(Supplied records begins)

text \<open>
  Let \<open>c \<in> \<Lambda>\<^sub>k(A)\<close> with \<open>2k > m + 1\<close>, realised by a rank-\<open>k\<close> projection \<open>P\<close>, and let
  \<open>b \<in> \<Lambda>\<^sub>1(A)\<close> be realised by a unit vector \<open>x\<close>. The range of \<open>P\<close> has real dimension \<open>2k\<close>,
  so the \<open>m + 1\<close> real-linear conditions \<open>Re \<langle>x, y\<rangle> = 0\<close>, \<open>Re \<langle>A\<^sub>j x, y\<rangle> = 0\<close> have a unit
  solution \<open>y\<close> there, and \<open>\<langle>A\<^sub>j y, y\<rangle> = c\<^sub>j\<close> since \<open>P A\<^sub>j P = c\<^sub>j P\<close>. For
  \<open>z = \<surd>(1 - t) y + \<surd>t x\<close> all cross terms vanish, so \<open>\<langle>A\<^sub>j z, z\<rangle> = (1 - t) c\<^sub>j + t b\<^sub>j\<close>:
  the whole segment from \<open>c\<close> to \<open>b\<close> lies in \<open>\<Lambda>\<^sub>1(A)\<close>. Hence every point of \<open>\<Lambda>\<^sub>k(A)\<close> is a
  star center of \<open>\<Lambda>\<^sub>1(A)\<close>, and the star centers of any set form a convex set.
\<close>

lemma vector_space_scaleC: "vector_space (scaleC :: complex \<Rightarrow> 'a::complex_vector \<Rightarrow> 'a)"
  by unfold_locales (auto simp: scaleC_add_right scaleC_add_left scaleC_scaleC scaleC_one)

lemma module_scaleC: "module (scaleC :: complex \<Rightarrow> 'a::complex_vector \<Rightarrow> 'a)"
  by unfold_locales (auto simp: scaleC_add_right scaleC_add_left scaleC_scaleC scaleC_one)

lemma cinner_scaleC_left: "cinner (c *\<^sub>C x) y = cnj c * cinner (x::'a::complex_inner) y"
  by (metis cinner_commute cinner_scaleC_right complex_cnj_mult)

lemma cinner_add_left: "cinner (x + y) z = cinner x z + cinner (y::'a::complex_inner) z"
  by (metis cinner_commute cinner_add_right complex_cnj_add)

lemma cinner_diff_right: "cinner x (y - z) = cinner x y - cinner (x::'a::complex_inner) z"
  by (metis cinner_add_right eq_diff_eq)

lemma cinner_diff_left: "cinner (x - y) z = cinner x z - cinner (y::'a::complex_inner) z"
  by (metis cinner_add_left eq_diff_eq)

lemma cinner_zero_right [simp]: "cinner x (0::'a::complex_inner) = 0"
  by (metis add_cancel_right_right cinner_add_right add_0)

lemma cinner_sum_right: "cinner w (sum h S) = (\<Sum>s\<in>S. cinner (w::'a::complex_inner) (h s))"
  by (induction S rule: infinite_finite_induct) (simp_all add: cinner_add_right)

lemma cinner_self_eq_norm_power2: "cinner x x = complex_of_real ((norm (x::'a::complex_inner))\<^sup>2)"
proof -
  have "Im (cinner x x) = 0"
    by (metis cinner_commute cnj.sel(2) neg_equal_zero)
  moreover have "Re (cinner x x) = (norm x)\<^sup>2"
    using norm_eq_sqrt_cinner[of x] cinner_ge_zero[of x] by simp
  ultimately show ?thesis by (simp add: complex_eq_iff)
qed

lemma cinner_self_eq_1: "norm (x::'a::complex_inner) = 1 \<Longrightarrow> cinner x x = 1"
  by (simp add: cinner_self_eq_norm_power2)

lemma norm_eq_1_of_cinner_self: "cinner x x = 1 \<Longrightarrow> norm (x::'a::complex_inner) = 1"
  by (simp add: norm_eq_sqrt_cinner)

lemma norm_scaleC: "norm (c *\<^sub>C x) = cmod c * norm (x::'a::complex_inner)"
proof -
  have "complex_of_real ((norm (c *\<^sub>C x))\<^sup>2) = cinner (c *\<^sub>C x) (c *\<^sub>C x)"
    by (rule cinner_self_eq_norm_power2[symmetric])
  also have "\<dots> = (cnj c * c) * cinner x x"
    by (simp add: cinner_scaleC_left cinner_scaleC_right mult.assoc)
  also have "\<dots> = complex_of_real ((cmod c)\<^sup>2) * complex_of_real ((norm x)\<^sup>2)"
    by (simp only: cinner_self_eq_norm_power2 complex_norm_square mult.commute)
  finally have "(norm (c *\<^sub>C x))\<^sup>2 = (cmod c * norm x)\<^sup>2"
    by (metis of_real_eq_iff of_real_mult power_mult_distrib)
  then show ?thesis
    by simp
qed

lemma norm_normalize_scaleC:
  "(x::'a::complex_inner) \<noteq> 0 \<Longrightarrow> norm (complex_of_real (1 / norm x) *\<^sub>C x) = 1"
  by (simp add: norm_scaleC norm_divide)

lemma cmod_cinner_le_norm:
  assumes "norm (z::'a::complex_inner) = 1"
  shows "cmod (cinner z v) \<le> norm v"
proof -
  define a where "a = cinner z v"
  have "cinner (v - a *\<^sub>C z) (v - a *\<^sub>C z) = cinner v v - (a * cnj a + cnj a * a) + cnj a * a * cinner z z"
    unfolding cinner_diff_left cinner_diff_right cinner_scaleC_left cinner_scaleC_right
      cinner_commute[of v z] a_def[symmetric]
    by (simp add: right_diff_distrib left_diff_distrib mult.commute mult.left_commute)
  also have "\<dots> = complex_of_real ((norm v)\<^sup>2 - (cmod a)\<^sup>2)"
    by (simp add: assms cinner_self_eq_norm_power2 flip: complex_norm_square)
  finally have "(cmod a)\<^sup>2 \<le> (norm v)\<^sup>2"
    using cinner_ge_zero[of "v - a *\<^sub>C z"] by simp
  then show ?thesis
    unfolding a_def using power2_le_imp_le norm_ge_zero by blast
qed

(Supplied records ends)
(Supplied records begins)

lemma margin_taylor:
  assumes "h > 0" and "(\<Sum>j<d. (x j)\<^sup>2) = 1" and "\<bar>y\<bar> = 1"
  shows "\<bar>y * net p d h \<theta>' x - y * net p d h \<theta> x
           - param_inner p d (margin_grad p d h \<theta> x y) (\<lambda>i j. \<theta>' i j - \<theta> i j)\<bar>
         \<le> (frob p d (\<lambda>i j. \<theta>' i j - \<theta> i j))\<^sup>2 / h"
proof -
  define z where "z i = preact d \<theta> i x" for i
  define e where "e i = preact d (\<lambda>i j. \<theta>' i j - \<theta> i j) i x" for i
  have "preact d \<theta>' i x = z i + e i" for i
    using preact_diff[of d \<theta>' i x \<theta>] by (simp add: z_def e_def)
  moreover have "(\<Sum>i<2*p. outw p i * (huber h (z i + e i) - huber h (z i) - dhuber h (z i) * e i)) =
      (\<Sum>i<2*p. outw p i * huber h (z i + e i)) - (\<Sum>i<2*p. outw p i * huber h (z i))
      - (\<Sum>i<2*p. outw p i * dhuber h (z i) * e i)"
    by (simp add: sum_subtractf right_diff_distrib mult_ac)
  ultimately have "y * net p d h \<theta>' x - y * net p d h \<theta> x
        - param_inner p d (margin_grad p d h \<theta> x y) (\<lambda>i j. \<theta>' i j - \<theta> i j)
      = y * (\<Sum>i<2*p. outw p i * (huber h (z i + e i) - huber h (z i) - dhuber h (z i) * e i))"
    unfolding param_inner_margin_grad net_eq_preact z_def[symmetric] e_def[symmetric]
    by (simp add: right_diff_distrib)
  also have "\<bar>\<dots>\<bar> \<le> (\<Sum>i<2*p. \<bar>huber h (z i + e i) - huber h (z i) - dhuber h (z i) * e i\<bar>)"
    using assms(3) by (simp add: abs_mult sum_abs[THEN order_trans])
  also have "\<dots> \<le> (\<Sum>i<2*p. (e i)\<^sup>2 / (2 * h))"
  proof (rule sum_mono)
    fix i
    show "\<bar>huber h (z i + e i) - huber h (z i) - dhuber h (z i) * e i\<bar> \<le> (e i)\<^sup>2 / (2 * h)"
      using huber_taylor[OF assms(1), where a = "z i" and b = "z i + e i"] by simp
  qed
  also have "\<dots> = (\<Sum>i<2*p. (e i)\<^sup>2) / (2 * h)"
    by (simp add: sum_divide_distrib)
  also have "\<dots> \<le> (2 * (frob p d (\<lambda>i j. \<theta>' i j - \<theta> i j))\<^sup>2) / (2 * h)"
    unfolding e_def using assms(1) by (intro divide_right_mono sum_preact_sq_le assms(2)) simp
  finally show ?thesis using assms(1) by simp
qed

(Supplied records ends)

- [Aim of the task]:
Each line of the data that contains "ultimately" belongs in the answer.

- [Answer to this problem]:
  ultimately show ?thesis by (simp add: complex_eq_iff)
  ultimately have "y * net p d h \<theta>' x - y * net p d h \<theta> x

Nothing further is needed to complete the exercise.